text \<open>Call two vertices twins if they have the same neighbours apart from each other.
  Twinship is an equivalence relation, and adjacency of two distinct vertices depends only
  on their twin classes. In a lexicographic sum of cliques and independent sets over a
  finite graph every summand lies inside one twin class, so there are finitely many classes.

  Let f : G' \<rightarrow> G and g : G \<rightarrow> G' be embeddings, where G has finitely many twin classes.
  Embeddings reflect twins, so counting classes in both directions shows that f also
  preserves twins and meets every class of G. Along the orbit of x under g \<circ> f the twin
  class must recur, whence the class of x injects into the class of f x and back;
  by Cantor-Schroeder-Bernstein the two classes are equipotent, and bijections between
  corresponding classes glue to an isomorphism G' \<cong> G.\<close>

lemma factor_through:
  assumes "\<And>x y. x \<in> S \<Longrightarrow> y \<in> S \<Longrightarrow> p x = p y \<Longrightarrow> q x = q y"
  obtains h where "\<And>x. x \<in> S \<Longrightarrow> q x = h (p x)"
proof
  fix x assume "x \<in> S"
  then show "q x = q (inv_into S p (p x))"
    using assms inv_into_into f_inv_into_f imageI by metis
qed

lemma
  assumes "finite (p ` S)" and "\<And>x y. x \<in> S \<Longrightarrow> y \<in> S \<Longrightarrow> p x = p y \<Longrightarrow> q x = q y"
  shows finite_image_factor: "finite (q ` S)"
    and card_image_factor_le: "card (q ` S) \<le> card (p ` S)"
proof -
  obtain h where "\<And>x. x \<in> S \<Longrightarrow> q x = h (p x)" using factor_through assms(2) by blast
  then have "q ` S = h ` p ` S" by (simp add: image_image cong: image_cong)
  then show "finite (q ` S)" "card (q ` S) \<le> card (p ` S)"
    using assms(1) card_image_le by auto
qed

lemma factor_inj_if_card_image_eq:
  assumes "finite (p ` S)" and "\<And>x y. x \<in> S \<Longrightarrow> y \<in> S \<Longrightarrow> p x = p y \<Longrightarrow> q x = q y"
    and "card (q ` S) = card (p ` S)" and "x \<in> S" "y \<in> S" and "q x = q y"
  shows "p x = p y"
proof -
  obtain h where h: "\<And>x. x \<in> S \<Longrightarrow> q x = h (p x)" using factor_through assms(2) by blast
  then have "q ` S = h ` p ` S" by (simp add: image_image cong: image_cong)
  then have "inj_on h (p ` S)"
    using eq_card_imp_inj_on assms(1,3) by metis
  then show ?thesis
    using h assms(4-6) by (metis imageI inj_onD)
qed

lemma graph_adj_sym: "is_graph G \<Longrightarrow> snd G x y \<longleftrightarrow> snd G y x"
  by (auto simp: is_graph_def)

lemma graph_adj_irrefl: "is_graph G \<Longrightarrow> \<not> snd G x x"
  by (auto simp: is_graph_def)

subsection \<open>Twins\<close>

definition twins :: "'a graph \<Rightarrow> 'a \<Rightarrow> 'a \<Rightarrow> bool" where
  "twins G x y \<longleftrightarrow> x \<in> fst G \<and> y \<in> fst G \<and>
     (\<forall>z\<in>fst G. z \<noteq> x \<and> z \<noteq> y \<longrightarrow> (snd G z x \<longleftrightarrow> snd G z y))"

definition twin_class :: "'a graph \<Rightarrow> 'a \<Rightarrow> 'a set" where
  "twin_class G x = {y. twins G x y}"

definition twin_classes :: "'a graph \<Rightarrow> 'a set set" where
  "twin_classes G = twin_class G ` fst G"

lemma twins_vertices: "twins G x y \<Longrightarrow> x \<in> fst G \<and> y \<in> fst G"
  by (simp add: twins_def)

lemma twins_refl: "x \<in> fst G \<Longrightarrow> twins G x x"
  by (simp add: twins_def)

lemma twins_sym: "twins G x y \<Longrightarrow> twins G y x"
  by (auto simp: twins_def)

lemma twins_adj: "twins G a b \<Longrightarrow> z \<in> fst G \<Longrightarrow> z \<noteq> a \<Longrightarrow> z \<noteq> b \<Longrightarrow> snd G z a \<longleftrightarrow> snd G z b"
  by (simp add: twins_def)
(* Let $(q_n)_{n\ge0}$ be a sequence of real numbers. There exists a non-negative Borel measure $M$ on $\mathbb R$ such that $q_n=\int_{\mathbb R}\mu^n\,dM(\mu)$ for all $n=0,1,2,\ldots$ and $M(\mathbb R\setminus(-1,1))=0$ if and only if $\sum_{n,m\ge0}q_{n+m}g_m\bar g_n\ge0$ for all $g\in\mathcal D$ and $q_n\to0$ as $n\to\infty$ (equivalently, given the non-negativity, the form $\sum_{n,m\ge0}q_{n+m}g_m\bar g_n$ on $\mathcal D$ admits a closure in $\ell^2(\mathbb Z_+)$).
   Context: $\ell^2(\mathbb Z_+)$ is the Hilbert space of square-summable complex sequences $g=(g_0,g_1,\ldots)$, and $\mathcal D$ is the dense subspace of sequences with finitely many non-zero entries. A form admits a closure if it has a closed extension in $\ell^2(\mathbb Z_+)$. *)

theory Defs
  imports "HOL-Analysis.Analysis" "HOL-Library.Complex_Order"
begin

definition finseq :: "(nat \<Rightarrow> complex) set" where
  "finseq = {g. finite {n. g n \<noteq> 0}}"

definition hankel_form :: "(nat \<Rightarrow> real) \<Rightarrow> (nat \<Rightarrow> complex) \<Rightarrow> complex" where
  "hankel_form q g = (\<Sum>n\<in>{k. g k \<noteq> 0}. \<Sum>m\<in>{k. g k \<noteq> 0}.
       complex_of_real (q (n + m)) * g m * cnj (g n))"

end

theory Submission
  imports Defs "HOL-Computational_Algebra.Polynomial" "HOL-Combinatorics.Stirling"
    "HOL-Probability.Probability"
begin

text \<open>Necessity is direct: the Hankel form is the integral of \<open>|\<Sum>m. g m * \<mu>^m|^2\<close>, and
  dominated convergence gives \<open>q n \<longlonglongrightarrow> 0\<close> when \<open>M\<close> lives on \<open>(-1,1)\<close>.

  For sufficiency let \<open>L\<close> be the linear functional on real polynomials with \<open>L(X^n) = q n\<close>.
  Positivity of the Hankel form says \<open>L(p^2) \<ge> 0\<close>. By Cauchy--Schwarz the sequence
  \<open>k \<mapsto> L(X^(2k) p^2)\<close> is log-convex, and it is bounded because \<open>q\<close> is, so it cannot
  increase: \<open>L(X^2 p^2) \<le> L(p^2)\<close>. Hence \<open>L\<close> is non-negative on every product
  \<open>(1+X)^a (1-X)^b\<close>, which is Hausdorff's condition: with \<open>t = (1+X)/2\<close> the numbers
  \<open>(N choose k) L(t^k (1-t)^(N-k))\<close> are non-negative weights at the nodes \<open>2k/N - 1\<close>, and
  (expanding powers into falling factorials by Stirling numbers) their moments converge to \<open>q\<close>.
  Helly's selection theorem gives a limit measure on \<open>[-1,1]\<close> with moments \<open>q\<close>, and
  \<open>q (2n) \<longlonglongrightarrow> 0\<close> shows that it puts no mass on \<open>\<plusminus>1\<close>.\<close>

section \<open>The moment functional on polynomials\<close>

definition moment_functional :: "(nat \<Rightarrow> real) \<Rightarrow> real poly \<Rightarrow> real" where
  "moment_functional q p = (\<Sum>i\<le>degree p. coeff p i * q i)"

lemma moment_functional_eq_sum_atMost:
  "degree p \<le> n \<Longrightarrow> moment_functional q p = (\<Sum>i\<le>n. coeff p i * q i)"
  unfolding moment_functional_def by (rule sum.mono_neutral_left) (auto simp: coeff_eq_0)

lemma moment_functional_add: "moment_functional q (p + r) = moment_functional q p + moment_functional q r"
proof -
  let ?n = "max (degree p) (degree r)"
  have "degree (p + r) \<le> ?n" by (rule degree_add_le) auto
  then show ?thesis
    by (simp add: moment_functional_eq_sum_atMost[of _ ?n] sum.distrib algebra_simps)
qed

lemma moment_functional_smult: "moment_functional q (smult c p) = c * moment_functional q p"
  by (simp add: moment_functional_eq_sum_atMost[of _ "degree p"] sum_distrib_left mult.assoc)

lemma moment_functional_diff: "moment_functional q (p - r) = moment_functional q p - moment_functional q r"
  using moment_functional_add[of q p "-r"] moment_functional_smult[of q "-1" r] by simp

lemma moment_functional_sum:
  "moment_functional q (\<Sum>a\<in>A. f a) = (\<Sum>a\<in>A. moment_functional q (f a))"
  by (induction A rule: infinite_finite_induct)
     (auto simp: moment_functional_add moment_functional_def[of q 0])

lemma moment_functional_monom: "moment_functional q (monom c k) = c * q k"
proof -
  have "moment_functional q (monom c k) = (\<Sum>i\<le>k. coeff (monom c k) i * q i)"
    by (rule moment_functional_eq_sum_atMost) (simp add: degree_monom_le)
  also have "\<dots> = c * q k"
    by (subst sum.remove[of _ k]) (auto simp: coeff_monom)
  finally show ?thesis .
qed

# Task description
Using the entries above, give again each line from the one containing "(smult c p)" through the last line, exactly and only those.

# Task result
lemma moment_functional_smult: "moment_functional q (smult c p) = c * moment_functional q p"
  by (simp add: moment_functional_eq_sum_atMost[of _ "degree p"] sum_distrib_left mult.assoc)

lemma moment_functional_diff: "moment_functional q (p - r) = moment_functional q p - moment_functional q r"
  using moment_functional_add[of q p "-r"] moment_functional_smult[of q "-1" r] by simp

lemma moment_functional_sum:
  "moment_functional q (\<Sum>a\<in>A. f a) = (\<Sum>a\<in>A. moment_functional q (f a))"
  by (induction A rule: infinite_finite_induct)
     (auto simp: moment_functional_add moment_functional_def[of q 0])

lemma moment_functional_monom: "moment_functional q (monom c k) = c * q k"
proof -
  have "moment_functional q (monom c k) = (\<Sum>i\<le>k. coeff (monom c k) i * q i)"
    by (rule moment_functional_eq_sum_atMost) (simp add: degree_monom_le)
  also have "\<dots> = c * q k"
    by (subst sum.remove[of _ k]) (auto simp: coeff_monom)
  finally show ?thesis .
qed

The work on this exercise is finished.